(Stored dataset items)

▬▬▬▬▬▬

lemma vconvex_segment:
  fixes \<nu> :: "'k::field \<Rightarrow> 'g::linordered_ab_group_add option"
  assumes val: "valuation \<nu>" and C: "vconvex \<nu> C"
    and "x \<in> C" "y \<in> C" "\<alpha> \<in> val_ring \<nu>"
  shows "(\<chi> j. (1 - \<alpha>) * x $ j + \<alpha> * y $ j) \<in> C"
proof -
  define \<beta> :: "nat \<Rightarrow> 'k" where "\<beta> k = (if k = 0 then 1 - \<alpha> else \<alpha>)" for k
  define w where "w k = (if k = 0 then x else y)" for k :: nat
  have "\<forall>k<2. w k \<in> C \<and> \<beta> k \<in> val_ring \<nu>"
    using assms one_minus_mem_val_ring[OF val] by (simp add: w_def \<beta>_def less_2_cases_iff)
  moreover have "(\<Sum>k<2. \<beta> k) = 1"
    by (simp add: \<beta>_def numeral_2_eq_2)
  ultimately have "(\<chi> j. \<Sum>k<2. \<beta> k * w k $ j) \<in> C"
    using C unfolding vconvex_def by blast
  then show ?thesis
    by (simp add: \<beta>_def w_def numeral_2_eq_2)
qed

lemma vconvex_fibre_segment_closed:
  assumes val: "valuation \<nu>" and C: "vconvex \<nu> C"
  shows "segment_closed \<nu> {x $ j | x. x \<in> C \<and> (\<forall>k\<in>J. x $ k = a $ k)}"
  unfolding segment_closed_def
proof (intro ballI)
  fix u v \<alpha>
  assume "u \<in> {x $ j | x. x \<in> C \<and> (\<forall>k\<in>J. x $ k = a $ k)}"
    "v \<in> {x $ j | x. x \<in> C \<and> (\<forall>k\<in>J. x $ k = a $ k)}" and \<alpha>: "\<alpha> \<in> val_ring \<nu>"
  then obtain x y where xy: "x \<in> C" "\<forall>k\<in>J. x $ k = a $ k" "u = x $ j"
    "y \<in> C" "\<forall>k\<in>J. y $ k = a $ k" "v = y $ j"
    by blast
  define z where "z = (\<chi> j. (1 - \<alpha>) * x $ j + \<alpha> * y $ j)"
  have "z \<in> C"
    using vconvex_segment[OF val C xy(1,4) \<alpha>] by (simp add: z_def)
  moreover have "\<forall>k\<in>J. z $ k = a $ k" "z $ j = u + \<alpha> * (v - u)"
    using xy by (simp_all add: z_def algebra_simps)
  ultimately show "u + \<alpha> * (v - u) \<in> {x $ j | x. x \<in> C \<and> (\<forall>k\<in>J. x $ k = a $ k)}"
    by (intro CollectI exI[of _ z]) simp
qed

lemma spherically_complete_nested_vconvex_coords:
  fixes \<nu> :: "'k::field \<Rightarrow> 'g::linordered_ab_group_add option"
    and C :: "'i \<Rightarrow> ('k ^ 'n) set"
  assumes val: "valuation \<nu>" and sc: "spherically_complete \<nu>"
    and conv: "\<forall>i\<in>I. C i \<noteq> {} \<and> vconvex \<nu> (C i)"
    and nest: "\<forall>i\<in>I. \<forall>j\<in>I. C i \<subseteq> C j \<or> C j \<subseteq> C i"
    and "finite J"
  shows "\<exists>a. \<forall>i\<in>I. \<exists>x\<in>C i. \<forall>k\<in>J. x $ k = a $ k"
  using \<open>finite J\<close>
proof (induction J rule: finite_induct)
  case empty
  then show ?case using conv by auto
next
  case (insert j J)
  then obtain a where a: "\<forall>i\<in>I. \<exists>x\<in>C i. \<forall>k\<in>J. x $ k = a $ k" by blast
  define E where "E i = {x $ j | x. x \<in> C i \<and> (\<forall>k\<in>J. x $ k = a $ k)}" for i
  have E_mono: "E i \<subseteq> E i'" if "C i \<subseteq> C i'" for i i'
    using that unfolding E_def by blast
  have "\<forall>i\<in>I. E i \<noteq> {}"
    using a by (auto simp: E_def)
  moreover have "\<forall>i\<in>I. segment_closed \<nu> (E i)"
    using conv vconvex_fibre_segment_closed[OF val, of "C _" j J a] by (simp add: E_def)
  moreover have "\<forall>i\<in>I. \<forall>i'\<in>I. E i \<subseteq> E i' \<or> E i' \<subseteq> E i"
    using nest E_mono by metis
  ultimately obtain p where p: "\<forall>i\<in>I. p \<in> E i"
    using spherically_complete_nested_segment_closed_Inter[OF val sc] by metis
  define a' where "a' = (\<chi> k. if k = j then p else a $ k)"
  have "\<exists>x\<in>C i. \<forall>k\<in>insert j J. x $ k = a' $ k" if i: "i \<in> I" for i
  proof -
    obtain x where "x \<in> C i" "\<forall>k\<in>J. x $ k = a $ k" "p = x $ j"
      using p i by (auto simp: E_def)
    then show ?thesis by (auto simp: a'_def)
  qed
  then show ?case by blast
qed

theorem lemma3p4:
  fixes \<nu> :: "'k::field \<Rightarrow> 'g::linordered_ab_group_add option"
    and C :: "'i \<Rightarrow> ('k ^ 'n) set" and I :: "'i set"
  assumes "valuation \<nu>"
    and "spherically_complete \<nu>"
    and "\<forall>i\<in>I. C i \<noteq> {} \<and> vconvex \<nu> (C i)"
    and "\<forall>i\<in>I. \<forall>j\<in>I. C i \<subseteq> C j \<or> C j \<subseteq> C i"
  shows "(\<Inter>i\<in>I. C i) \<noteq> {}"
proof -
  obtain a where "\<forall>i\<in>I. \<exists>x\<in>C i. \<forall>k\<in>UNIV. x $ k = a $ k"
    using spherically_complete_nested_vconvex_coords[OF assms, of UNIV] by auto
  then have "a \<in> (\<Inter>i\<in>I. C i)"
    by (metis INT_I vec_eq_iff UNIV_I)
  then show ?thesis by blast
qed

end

▬▬▬▬▬▬

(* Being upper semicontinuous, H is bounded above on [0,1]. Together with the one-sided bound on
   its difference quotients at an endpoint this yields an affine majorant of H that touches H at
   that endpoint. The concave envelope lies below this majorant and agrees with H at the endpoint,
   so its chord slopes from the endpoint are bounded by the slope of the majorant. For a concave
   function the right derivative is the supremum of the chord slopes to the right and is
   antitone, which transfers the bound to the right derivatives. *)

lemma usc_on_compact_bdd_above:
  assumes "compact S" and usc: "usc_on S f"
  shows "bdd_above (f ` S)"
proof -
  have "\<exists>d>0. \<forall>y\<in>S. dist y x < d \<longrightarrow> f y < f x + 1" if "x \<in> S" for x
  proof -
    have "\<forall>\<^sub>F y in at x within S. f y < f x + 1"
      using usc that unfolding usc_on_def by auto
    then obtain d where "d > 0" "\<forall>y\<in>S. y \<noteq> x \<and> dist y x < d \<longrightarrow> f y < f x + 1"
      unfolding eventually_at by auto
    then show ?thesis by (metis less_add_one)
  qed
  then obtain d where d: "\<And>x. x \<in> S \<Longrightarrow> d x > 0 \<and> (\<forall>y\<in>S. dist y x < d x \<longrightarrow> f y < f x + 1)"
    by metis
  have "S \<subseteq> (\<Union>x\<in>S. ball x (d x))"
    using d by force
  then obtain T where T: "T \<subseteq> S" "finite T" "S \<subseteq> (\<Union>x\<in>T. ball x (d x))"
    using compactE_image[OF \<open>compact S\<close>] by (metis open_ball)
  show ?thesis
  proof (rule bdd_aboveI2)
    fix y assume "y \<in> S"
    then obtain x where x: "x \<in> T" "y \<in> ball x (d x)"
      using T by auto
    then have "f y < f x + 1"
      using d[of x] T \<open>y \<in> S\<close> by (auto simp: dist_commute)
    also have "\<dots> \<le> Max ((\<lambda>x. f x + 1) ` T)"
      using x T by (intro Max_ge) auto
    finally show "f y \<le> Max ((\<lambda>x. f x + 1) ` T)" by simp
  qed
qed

▬▬▬▬▬▬

Work task:
Copy out each line of the data in which the word "valuation" appears.

Result:
  assumes val: "valuation \<nu>" and C: "vconvex \<nu> C"
  assumes val: "valuation \<nu>" and C: "vconvex \<nu> C"
  assumes val: "valuation \<nu>" and sc: "spherically_complete \<nu>"
  assumes "valuation \<nu>"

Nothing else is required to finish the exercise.